Rudolf may have been a ladies’ man, but by contrast Adi was a bachelor through and through, that is until he met Käthe, the woman who would become his wife. The two married on 17 March 1934 and went on to have five children together; one son and four daughters. The two families of the Dassler brothers would become quite wealthy and well-to-do within their town, and their two families got along well for a time. The brothers found so much success under the Nazi regime that they soon needed larger factories to cope with the rapid growth. Rudolf’s wife Friedl began to play a very active role in running the family business as a bookkeeper, but Adi’s wife Käthe was less interested in the day-to-day operations.
Käthe was expected to participate and work, but she had only been 17 when she married Adi, and when their first child was born she refused to go to work. She lacked a work ethic, but had plenty of vision for what Adolf’s role in the company should be. Käthe would eventually be the inspiration behind Adolf growing bold enough to move on his own. The two families moved into a joint house next to the factory, despite their personal differences. The families rarely got along and the Dassler brothers became increasingly bitter towards each other, though the subject of many of their early feuds is pure speculation. Adolf and his family resided on the ground floor; Rudolf and his family were on the next floor up and their parents above that. The close living quarters and stresses at work began to culminate in fighting and family disputes.
During the 1928 Olympic Games in Amsterdam the Dassler brothers equipped German athlete Lina Radke with her running shoes. Radke went on to be the very first athlete to win an Olympic gold medal for Germany. This accomplishment would reflect well on the Dassler brothers and brought some notoriety to their burgeoning company.
Fate would intervene in the lives of the Dasslers when Adolf Hitler and his National Socialist party assumed power of Germany in 1933. Adi and Rudolf both became members of the Nazi party, a practice that was not uncommon amongst German business owners, at least the ones that wanted to stay in business. It is also likely that Adi, as a veteran of the First World War, would have had strong feelings about the promises being touted by Adolf Hitler for rebuilding German society and the economy. The Dassler brothers, ever industrious, saw the opportunities that could come along with the new era of Aryan dominance sweeping through Germany. It wasn’t long before the Swastika was all over their hometown of Herzogenaurach and the brothers weren’t about to be left out of progress.
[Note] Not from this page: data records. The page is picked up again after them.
lemma short_crossings_edges_list_bound:
  assumes "\<And>c p. c \<in> set cs \<Longrightarrow> length (filter (short_crossing B m) (edges p c)) \<le> D * (k + 2)"
    and "\<And>c. c \<in> set cs \<Longrightarrow> max_children D c \<and> light_first c"
    and "sorted (map tsize cs)" and "length cs \<le> D" and "B \<le> 2^k" and "p \<le> q"
  shows "length (filter (short_crossing B m) (edges_list p q cs)) \<le> D * (k + 2)"
  using assms
proof (induction cs arbitrary: q)
  case (Cons c cs)
  have "0 < tsize c"
    by (rule tsize_pos)
  consider (left) "m \<le> q" | (right) "q + tsize c \<le> m" | (inside) "q < m" "m < q + tsize c"
    by linarith
  then show ?case
  proof cases
    case left
    then have "length (filter (crossing m) (edges_list p q (c # cs))) \<le> D"
      using crossings_edges_list_le_length[of m q p "c # cs"] Cons.prems(4) by simp
    then show ?thesis
      using length_short_crossings_le[of B m "edges_list p q (c # cs)"] by simp
  next
    case right
    have "length (filter (short_crossing B m) (edges q c)) = 0"
      using no_crossings_outside[of m q c] right length_short_crossings_le[of B m "edges q c"]
      by simp
    moreover have "\<not> short_crossing B m (p, q)"
      using right \<open>0 < tsize c\<close> by (simp add: short_crossing_def crossing_def)
    moreover have "length (filter (short_crossing B m) (edges_list p (q + tsize c) cs)) \<le> D * (k + 2)"
      using Cons.IH[of "q + tsize c"] Cons.prems by simp
    ultimately show ?thesis
      by simp
  next
    case inside
    have not_short: "\<not> short_crossing B m (p, q)"
      using inside by (simp add: short_crossing_def crossing_def)
    have inner: "length (filter (short_crossing B m) (edges q c)) \<le> D * (k + 2)"
      using Cons.prems(1) by simp
    show ?thesis
    proof (cases "cs = [] \<or> B \<le> tsize c")
      case True
      then have "filter (short_crossing B m) (edges_list p (q + tsize c) cs) = []"
        using inside Cons.prems(6) by (auto intro: no_short_crossings_edges_list_far)
      then show ?thesis
        using not_short inner by simp
    next
      case False
      then have "length (filter (crossing m) (edges q c)) \<le> D * (k + 1)"
        using Cons.prems(2,5) by (intro crossings_bound) auto
      moreover have "length (filter (crossing m) (edges_list p (q + tsize c) cs)) \<le> length cs"
        using inside by (intro crossings_edges_list_le_length) simp
      moreover have "length cs + 1 \<le> D"
        using Cons.prems(4) by simp
      ultimately show ?thesis
        using not_short length_short_crossings_le[of B m "edges q c"]
          length_short_crossings_le[of B m "edges_list p (q + tsize c) cs"]
        by (simp add: algebra_simps)
    qed
  qed
qed simp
In May 1933, focussing on what was best for the company at that time, the brothers officially joined the Nazi Party; it was a decision they would later come to regret. As party members however, the brothers were able to obtain a lot of benefits from the government and the Nazis were anxious to get young Germans involved in Nazi-approved sports to showcase their perceived physical superiority and Aryan prestige.